-------- Given data --------

(* Let $(\gamma_k)_{k\ge3}$ be non-negative weights with $\gamma_k>0$ for at least one $k$, and suppose the power series $\sum_{k\ge1}\gamma_{k+2}z^k$ has radius of convergence $0$ (type III). Let $\mathsf{D}_n^\omega$ be the random dissection of the $n$-gon drawn with probability proportional to $\prod_F\gamma_{|F|}$, and let $v_n$ be a uniformly random vertex of $\mathsf{D}_n^\omega$. Then, as $n\to\infty$ along $n$ for which the total weight is positive, $(\mathsf{D}_n^\omega,v_n)$ converges in the Benjamini--Schramm (local weak) sense to the doubly infinite path $\mathbb{Z}$ rooted at $0$: for every $k\ge0$, $\mathbb{P}(V_k(\mathsf{D}_n^\omega,v_n)\simeq V_k(\mathbb{Z},0))\to1$.
   Context: For $n\ge3$, a dissection of the convex polygon with vertices $e^{2\pi ij/n}$, $j=0,\dots,n-1$, is the plane graph consisting of the polygon's sides together with a set of diagonals that pairwise intersect at most in endpoints. Its inner faces are the bounded faces; $|F|$ is the number of edges bounding $F$. $V_k(G,v)$ denotes the subgraph induced by vertices at graph distance at most $k$ from $v$, rooted at $v$; $\simeq$ denotes isomorphism of rooted graphs. *)

theory Defs
  imports "HOL-Analysis.Analysis"
begin

text \<open>Vertices of the n-gon are 0,...,n-1 in cyclic (counterclockwise) order.
  Edges/diagonals are encoded as ordered pairs (i,j) with i < j.\<close>

definition poly_sides :: "nat \<Rightarrow> (nat \<times> nat) set" where
  "poly_sides n = {(i, i + 1) | i. i + 1 < n} \<union> {(0, n - 1)}"

definition diagonals :: "nat \<Rightarrow> (nat \<times> nat) set" where
  "diagonals n = {(i, j). i < j \<and> j < n \<and> (i, j) \<notin> poly_sides n}"

definition crossing :: "nat \<times> nat \<Rightarrow> nat \<times> nat \<Rightarrow> bool" where
  "crossing e f = (case e of (a, b) \<Rightarrow> case f of (c, d) \<Rightarrow>
      (a < c \<and> c < b \<and> b < d) \<or> (c < a \<and> a < d \<and> d < b))"

definition dissections :: "nat \<Rightarrow> (nat \<times> nat) set set" where
  "dissections n = {D. D \<subseteq> diagonals n \<and> (\<forall>e\<in>D. \<forall>f\<in>D. \<not> crossing e f)}"

definition edges :: "nat \<Rightarrow> (nat \<times> nat) set \<Rightarrow> (nat \<times> nat) set" where
  "edges n D = poly_sides n \<union> D"

definition adj :: "nat \<Rightarrow> (nat \<times> nat) set \<Rightarrow> nat \<Rightarrow> nat \<Rightarrow> bool" where
  "adj n D x y = (x \<noteq> y \<and> (min x y, max x y) \<in> edges n D)"

definition cyc_consec :: "nat set \<Rightarrow> nat \<Rightarrow> nat \<Rightarrow> bool" where
  "cyc_consec S x y = (x \<in> S \<and> y \<in> S \<and> x < y \<and>
      ((\<forall>z\<in>S. \<not> (x < z \<and> z < y)) \<or> (x = Min S \<and> y = Max S)))"

text \<open>Inner faces, identified with their vertex sets: a set S of at least 3 vertices
  such that two vertices of S are joined by an edge exactly when they are cyclically
  consecutive in S (then the convex polygon spanned by S is bounded by edges and no
  edge meets its interior).\<close>
definition inner_faces :: "nat \<Rightarrow> (nat \<times> nat) set \<Rightarrow> nat set set" where
  "inner_faces n D = {S. S \<subseteq> {..<n} \<and> card S \<ge> 3 \<and>
      (\<forall>x\<in>S. \<forall>y\<in>S. x < y \<longrightarrow> ((x, y) \<in> edges n D \<longleftrightarrow> cyc_consec S x y))}"

definition dweight :: "(nat \<Rightarrow> real) \<Rightarrow> nat \<Rightarrow> (nat \<times> nat) set \<Rightarrow> real" where
  "dweight \<gamma> n D = (\<Prod>F\<in>inner_faces n D. \<gamma> (card F))"

definition total_weight :: "(nat \<Rightarrow> real) \<Rightarrow> nat \<Rightarrow> real" where
  "total_weight \<gamma> n = (\<Sum>D\<in>dissections n. dweight \<gamma> n D)"

definition ball_set :: "nat \<Rightarrow> (nat \<times> nat) set \<Rightarrow> nat \<Rightarrow> nat \<Rightarrow> nat set" where
  "ball_set n D v k = {x. \<exists>m\<le>k. (v, x) \<in> {(a, b). adj n D a b} ^^ m}"

definition ball_is_path :: "nat \<Rightarrow> (nat \<times> nat) set \<Rightarrow> nat \<Rightarrow> nat \<Rightarrow> bool" where
  "ball_is_path n D v k = (\<exists>f. bij_betw f {-int k..int k} (ball_set n D v k) \<and> f 0 = v \<and>
      (\<forall>i\<in>{-int k..int k}. \<forall>j\<in>{-int k..int k}. adj n D (f i) (f j) \<longleftrightarrow> \<bar>i - j\<bar> = 1))"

--------

• Work task:
The lines above that hold the string "bool" are to be located and copied.

• Finished exercise:
definition crossing :: "nat \<times> nat \<Rightarrow> nat \<times> nat \<Rightarrow> bool" where
definition adj :: "nat \<Rightarrow> (nat \<times> nat) set \<Rightarrow> nat \<Rightarrow> nat \<Rightarrow> bool" where
definition cyc_consec :: "nat set \<Rightarrow> nat \<Rightarrow> nat \<Rightarrow> bool" where
definition ball_is_path :: "nat \<Rightarrow> (nat \<times> nat) set \<Rightarrow> nat \<Rightarrow> nat \<Rightarrow> bool" where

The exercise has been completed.